CORPORATE GOVERNANCE

Disclosure Controls and Procedures (“DC&P”)

DC&P have been designed to provide reasonable assurance that information required to be reported by CES is gathered, recorded, processed, summarized and reported to senior management, including the President and Chief Executive Officer and Chief Financial Officer of CES, to allow timely decisions regarding required public disclosure by CES in its annual filings, interim filings, or other reports filed or submitted in accordance with Canadian securities legislation.

Internal Controls over Financial Reporting (“ICFR”)

Management of CES is responsible for establishing and maintaining ICFR for CES to provide reasonable assurance regarding the reliability of financial reporting and the preparation of financial statements for external purposes in accordance with IFRS. There have been no changes to CES’ internal controls over financial reporting during the three months ended March 31, 2021 that have materially affected, or are reasonably likely to materially affect, its internal controls over financial reporting.

While the President and Chief Executive Officer and Chief Financial Officer believe that CES’ DC&P and ICFR provide a reasonable level of assurance that they are effective, they do not expect that the DC&P or ICFR will prevent all errors and fraud.

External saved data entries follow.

definition poisson_pp ::
  "'a measure \<Rightarrow> ('a \<Rightarrow> (real \<times> real) set) \<Rightarrow> (real \<times> real) measure \<Rightarrow> bool" where
  "poisson_pp M N \<mu> \<longleftrightarrow>
     prob_space M \<and> sets \<mu> = sets borel \<and> N \<in> M \<rightarrow>\<^sub>M pp_space \<and>
     (\<forall>B\<in>sets borel. emeasure \<mu> B < \<infinity> \<longrightarrow>
        (AE \<omega> in M. finite (N \<omega> \<inter> B)) \<and>
        (\<forall>k::nat. measure M {\<omega>\<in>space M. finite (N \<omega> \<inter> B) \<and> card (N \<omega> \<inter> B) = k}
                  = exp (- measure \<mu> B) * measure \<mu> B ^ k / fact k)) \<and>
     (\<forall>(I :: nat set) B. finite I \<longrightarrow> disjoint_family_on B I \<longrightarrow>
        (\<forall>i\<in>I. B i \<in> sets borel \<and> emeasure \<mu> (B i) < \<infinity>) \<longrightarrow>
        prob_space.indep_vars M (\<lambda>_. count_space UNIV) (\<lambda>i \<omega>. card (N \<omega> \<inter> B i)) I)"

definition head_intensity :: "real \<Rightarrow> real \<Rightarrow> (real \<times> real) measure" where
  "head_intensity v lam =
     density lborel (\<lambda>x. ennreal (v * (2 * lam)) * indicator {p. snd p > 0} x)"

definition nearest_dist ::
  "real \<Rightarrow> real \<Rightarrow> (real \<times> real) set \<Rightarrow> (real \<times> real) set \<Rightarrow> real \<Rightarrow> real" where
  "nearest_dist v1 v2 H1 H2 t =
     Inf ((\<lambda>p. bird v1 p t) ` H1 \<union> (\<lambda>p. bird v2 p t) ` H2)"

definition lower_env ::
  "real \<Rightarrow> real \<Rightarrow> (real \<times> real) set \<Rightarrow> (real \<times> real) set \<Rightarrow> (real \<times> real) set" where
  "lower_env v1 v2 H1 H2 = {(t, nearest_dist v1 v2 H1 H2 t) | t. True}"

end

theory Submission
  imports Defs
begin

text \<open>
  Heads have positive height almost surely, since the intensity measure of each head process
  vanishes on the closed lower half-plane. A head p of positive height lies in the half-ellipse
  E^{s,v}_u exactly when the radial bird of p is below u at time s. Hence a point (s,u) on some
  bird lies on the lower envelope iff no bird passes below u at time s, i.e. iff both
  half-ellipses are void. The half-ellipse E^{s,v}_u has area pi u^2 / (2 v), so its intensity
  measure is lambda_l pi u^2, and the two Poisson void probabilities exp (- lambda_l pi u^2)
  multiply by independence.
\<close>

lemma abs_less_sqrt_max_iff: "\<bar>y::real\<bar> < sqrt (max 0 b) \<longleftrightarrow> y\<^sup>2 < b"
proof -
  have "\<bar>y\<bar> < sqrt (max 0 b) \<longleftrightarrow> sqrt (y\<^sup>2) < sqrt (max 0 b)"
    by (simp add: real_sqrt_abs)
  also have "\<dots> \<longleftrightarrow> y\<^sup>2 < max 0 b"
    by (rule real_sqrt_less_iff)
  also have "\<dots> \<longleftrightarrow> y\<^sup>2 < b"
    by (smt (verit) zero_le_power2)
  finally show ?thesis .
qed

lemma vimage_Pair_ball:
  fixes r x :: real
  assumes "r > 0"
  shows "Pair x -` ball (0::real \<times> real) r
           = {- sqrt (max 0 (r\<^sup>2 - x\<^sup>2))<..<sqrt (max 0 (r\<^sup>2 - x\<^sup>2))}"
proof -
  have "y \<in> Pair x -` ball 0 r \<longleftrightarrow> \<bar>y\<bar> < sqrt (max 0 (r\<^sup>2 - x\<^sup>2))" for y
  proof -
    have "y \<in> Pair x -` ball 0 r \<longleftrightarrow> sqrt (x\<^sup>2 + y\<^sup>2) < sqrt (r\<^sup>2)"
      using assms by (simp add: norm_Pair)
    also have "\<dots> \<longleftrightarrow> x\<^sup>2 + y\<^sup>2 < r\<^sup>2"
      by (rule real_sqrt_less_iff)
    also have "\<dots> \<longleftrightarrow> \<bar>y\<bar> < sqrt (max 0 (r\<^sup>2 - x\<^sup>2))"
      by (simp add: abs_less_sqrt_max_iff algebra_simps)
    finally show ?thesis .
  qed
  then show ?thesis
    by auto
qed

lemma nn_integral_semicircle:
  fixes r :: real
  assumes "r > 0"
  shows "(\<integral>\<^sup>+x. ennreal (sqrt (max 0 (r\<^sup>2 - x\<^sup>2))) \<partial>lborel) = ennreal (pi * r\<^sup>2 / 2)"
proof -
  let ?I = "\<integral>\<^sup>+x. ennreal (sqrt (max 0 (r\<^sup>2 - x\<^sup>2))) \<partial>lborel"
  have "2 * ennreal (pi * r\<^sup>2 / 2) = emeasure lborel (ball (0::real \<times> real) r)"
    using assms by (simp add: emeasure_ball eval_unit_ball_vol power2_eq_square flip: ennreal_mult ennreal_numeral)
  also have "\<dots> = emeasure (lborel \<Otimes>\<^sub>M lborel) (ball (0::real \<times> real) r)"
    by (simp add: lborel_prod)
  also have "\<dots> = (\<integral>\<^sup>+x. emeasure lborel (Pair x -` ball (0::real \<times> real) r) \<partial>lborel)"
    by (rule lborel.emeasure_pair_measure_alt) (subst lborel_prod, simp)
  also have "\<dots> = (\<integral>\<^sup>+x. 2 * ennreal (sqrt (max 0 (r\<^sup>2 - x\<^sup>2))) \<partial>lborel)"
    using assms by (intro nn_integral_cong) (simp add: vimage_Pair_ball ennreal_mult)
  also have "\<dots> = 2 * ?I"
    by (rule nn_integral_cmult) measurable
  finally show ?thesis
    by (simp add: ennreal_mult_cancel_left)
qed

lemma open_E_set: "open (E_set s v u)"
proof -
  have "E_set s v u = {x. 0 < snd x \<and> v\<^sup>2 * (fst x - s)\<^sup>2 + (snd x)\<^sup>2 < u\<^sup>2}"
    by (auto simp: E_set_def)
  then show ?thesis
    by (simp add: open_Collect_conj open_Collect_less continuous_intros)
qed

lemma E_set_borel: "E_set s v u \<in> sets borel"
  by (simp add: open_E_set)

lemma vimage_Pair_E_set:
  fixes u v s t :: real
  assumes "u > 0"
  shows "Pair t -` E_set s v u = {0<..<sqrt (max 0 (u\<^sup>2 - (v * (t - s))\<^sup>2))}"
proof -
  have "h < sqrt (max 0 b) \<longleftrightarrow> h\<^sup>2 < b" if "h > 0" for h b :: real
    using abs_less_sqrt_max_iff[of h b] that by simp
  then show ?thesis
    by (auto simp: E_set_def power_mult_distrib)
qed

lemma emeasure_lborel_E_set:
  fixes u v s :: real
  assumes u: "u > 0" and v: "v > 0"
  shows "emeasure lborel (E_set s v u) = ennreal (pi * u\<^sup>2 / (2 * v))"
proof -
  let ?g = "\<lambda>x. ennreal (sqrt (max 0 (u\<^sup>2 - x\<^sup>2)))"
  have "emeasure lborel (E_set s v u) = emeasure (lborel \<Otimes>\<^sub>M lborel) (E_set s v u)"
    by (simp add: lborel_prod)
  also have "\<dots> = (\<integral>\<^sup>+t. emeasure lborel (Pair t -` E_set s v u) \<partial>lborel)"
    by (rule lborel.emeasure_pair_measure_alt) (subst lborel_prod, simp add: E_set_borel)
  also have "\<dots> = (\<integral>\<^sup>+t. ?g (v * (t - s)) \<partial>lborel)"
    using u by (intro nn_integral_cong) (simp add: vimage_Pair_E_set)
  also have "\<dots> = ennreal (1 / v) * (\<integral>\<^sup>+x. ?g (v * ((s + 1 / v * x) - s)) \<partial>lborel)"
    using v by (subst nn_integral_real_affine[where c = "1 / v" and t = s]) auto
  also have "\<dots> = ennreal (1 / v) * ennreal (pi * u\<^sup>2 / 2)"
    using v by (simp add: nn_integral_semicircle[OF u])
  also have "\<dots> = ennreal (pi * u\<^sup>2 / (2 * v))"
    using v by (simp flip: ennreal_mult)
  finally show ?thesis .
qed

lemma emeasure_head_intensity:
  assumes "B \<in> sets borel"
  shows "emeasure (head_intensity v lam) B
           = ennreal (v * (2 * lam)) * emeasure lborel (B \<inter> {p. 0 < snd p})"
proof -
  have [measurable]: "{p::real \<times> real. 0 < snd p} \<in> sets borel"
    by (intro borel_open open_Collect_less continuous_intros)
  have "emeasure (head_intensity v lam) B
      = (\<integral>\<^sup>+x. ennreal (v * (2 * lam)) * indicator (B \<inter> {p. 0 < snd p}) x \<partial>lborel)"
    unfolding head_intensity_def using assms
    by (subst emeasure_density)
       (auto intro!: nn_integral_cong simp del: indicator_simps simp: indicator_inter_arith ac_simps)
  also have "\<dots> = ennreal (v * (2 * lam)) * emeasure lborel (B \<inter> {p. 0 < snd p})"
    using assms by (simp add: nn_integral_cmult_indicator)
  finally show ?thesis .
qed

lemma emeasure_head_intensity_E_set:
  assumes "u > 0" "v > 0"
  shows "emeasure (head_intensity v lam) (E_set s v u) = ennreal (lam * pi * u\<^sup>2)"
proof -
  have "E_set s v u \<inter> {p. 0 < snd p} = E_set s v u"
    by (auto simp: E_set_def)
  moreover have "v * (2 * lam) * (pi * u\<^sup>2 / (2 * v)) = lam * (pi * u\<^sup>2)"
    using assms by (simp add: field_simps)
  ultimately show ?thesis
    using assms by (simp add: emeasure_head_intensity E_set_borel emeasure_lborel_E_set mult.assoc
        flip: ennreal_mult'')
qed

lemma poisson_pp_prob_space: "poisson_pp M N \<mu> \<Longrightarrow> prob_space M"
  by (simp add: poisson_pp_def)

lemma sets_pp_space_void:
  assumes "B \<in> sets borel"
  shows "{X. X \<inter> B = {}} \<in> sets pp_space"
proof -
  have "{X. X \<inter> B = {}} = {X. finite (X \<inter> B) \<and> card (X \<inter> B) = 0}"
    by auto
  with assms show ?thesis
    unfolding pp_space_def by (subst sets_measure_of) blast+
qed

lemma poisson_pp_void_prob:
  assumes "poisson_pp M N \<mu>" "B \<in> sets borel" "emeasure \<mu> B = ennreal c" "c \<ge> 0"
  shows "measure M {\<omega>\<in>space M. N \<omega> \<inter> B = {}} = exp (- c)"
proof -
  have "measure M {\<omega>\<in>space M. finite (N \<omega> \<inter> B) \<and> card (N \<omega> \<inter> B) = 0}
         = exp (- measure \<mu> B) * measure \<mu> B ^ 0 / fact 0"
    using assms unfolding poisson_pp_def by simp
  moreover have "{\<omega>\<in>space M. finite (N \<omega> \<inter> B) \<and> card (N \<omega> \<inter> B) = 0}
                   = {\<omega>\<in>space M. N \<omega> \<inter> B = {}}"
    by auto
  ultimately show ?thesis
    using assms by (simp add: measure_def)
qed

lemma poisson_pp_AE_void:
  assumes "poisson_pp M N \<mu>" "B \<in> sets borel" "emeasure \<mu> B = 0"
  shows "AE \<omega> in M. N \<omega> \<inter> B = {}"
proof -
  interpret prob_space M
    using poisson_pp_prob_space[OF assms(1)] .
  have "prob {\<omega>\<in>space M. N \<omega> \<inter> B = {}} = 1"
    using poisson_pp_void_prob[of M N \<mu> B 0] assms by simp
  from AE_prob_1[OF this] show ?thesis
    by auto
qed

lemma AE_poisson_pp_head_intensity_upper_half:
  assumes "poisson_pp M N (head_intensity v lam)"
  shows "AE \<omega> in M. N \<omega> \<inter> {p. snd p \<le> 0} = {}"
proof (rule poisson_pp_AE_void[OF assms])
  show lower_half: "{p::real \<times> real. snd p \<le> 0} \<in> sets borel"
    by (intro borel_closed closed_Collect_le continuous_intros)
  have "{p::real \<times> real. snd p \<le> 0} \<inter> {p. 0 < snd p} = {}"
    by auto
  then show "emeasure (head_intensity v lam) {p. snd p \<le> 0} = 0"
    by (simp add: emeasure_head_intensity[OF lower_half])
qed

lemma indep_poisson_pp_void_prob:
  assumes "poisson_pp M N1 \<mu>1" "poisson_pp M N2 \<mu>2"
    and "prob_space.indep_var M pp_space N1 pp_space N2"
    and "B1 \<in> sets borel" "emeasure \<mu>1 B1 = ennreal c" "c \<ge> 0"
    and "B2 \<in> sets borel" "emeasure \<mu>2 B2 = ennreal d" "d \<ge> 0"
  shows "measure M {\<omega>\<in>space M. N1 \<omega> \<inter> B1 = {} \<and> N2 \<omega> \<inter> B2 = {}} = exp (- (c + d))"
proof -
  interpret prob_space M
    using poisson_pp_prob_space[OF assms(1)] .
  have "{\<omega>\<in>space M. N1 \<omega> \<inter> B1 = {} \<and> N2 \<omega> \<inter> B2 = {}}
          = (\<lambda>\<omega>. (N1 \<omega>, N2 \<omega>)) -` ({X. X \<inter> B1 = {}} \<times> {X. X \<inter> B2 = {}}) \<inter> space M"
    by auto
  also have "prob \<dots> = prob (N1 -` {X. X \<inter> B1 = {}} \<inter> space M)
                       * prob (N2 -` {X. X \<inter> B2 = {}} \<inter> space M)"
    by (rule indep_varD[OF assms(3) sets_pp_space_void[OF assms(4)] sets_pp_space_void[OF assms(7)]])
  also have "\<dots> = exp (- c) * exp (- d)"
  proof -
    have "N -` {X. X \<inter> B = {}} \<inter> space M = {\<omega>\<in>space M. N \<omega> \<inter> B = {}}"
      for N :: "'a \<Rightarrow> (real \<times> real) set" and B
      by auto
    then show ?thesis
      using poisson_pp_void_prob[OF assms(1,4-6)] poisson_pp_void_prob[OF assms(2,7-9)] by simp
  qed
  finally show ?thesis
    by (simp flip: exp_add)
qed

lemma mem_E_set_iff_bird_less:
  assumes "u > 0" "snd p > 0"
  shows "p \<in> E_set s v u \<longleftrightarrow> bird v p s < u"
proof -
  have "bird v p s < u \<longleftrightarrow> sqrt (v\<^sup>2 * (s - fst p)\<^sup>2 + (snd p)\<^sup>2) < sqrt (u\<^sup>2)"
    using assms by (simp add: bird_def)
  also have "\<dots> \<longleftrightarrow> v\<^sup>2 * (s - fst p)\<^sup>2 + (snd p)\<^sup>2 < u\<^sup>2"
    by (rule real_sqrt_less_iff)
  also have "(s - fst p)\<^sup>2 = (fst p - s)\<^sup>2"
    by (rule power2_commute)
  finally show ?thesis
    using assms by (cases p) (simp add: E_set_def)
qed

lemma cInf_eq_iff_lower_bound:
  fixes z :: "'a :: conditionally_complete_lattice"
  assumes "z \<in> X" "bdd_below X"
  shows "Inf X = z \<longleftrightarrow> (\<forall>x\<in>X. z \<le> x)"
  using assms by (metis cInf_eq_minimum cInf_lower)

A control system, no matter how well conceived or operated, can provide only reasonable, not absolute, assurance that the objectives of the control system are met

For information regarding the corporate governance policies and practices of CES, the reader should refer to CES’ 2020 Annual Report, CES’ Annual Information Form dated March 11, 2021 in respect of the year ended December 31, 2020, and CES’ Information Circular in respect of the June 22, 2021 Annual General and Special Meeting of shareholders each of which are available on the CES’ SEDAR profile at www.sedar.com.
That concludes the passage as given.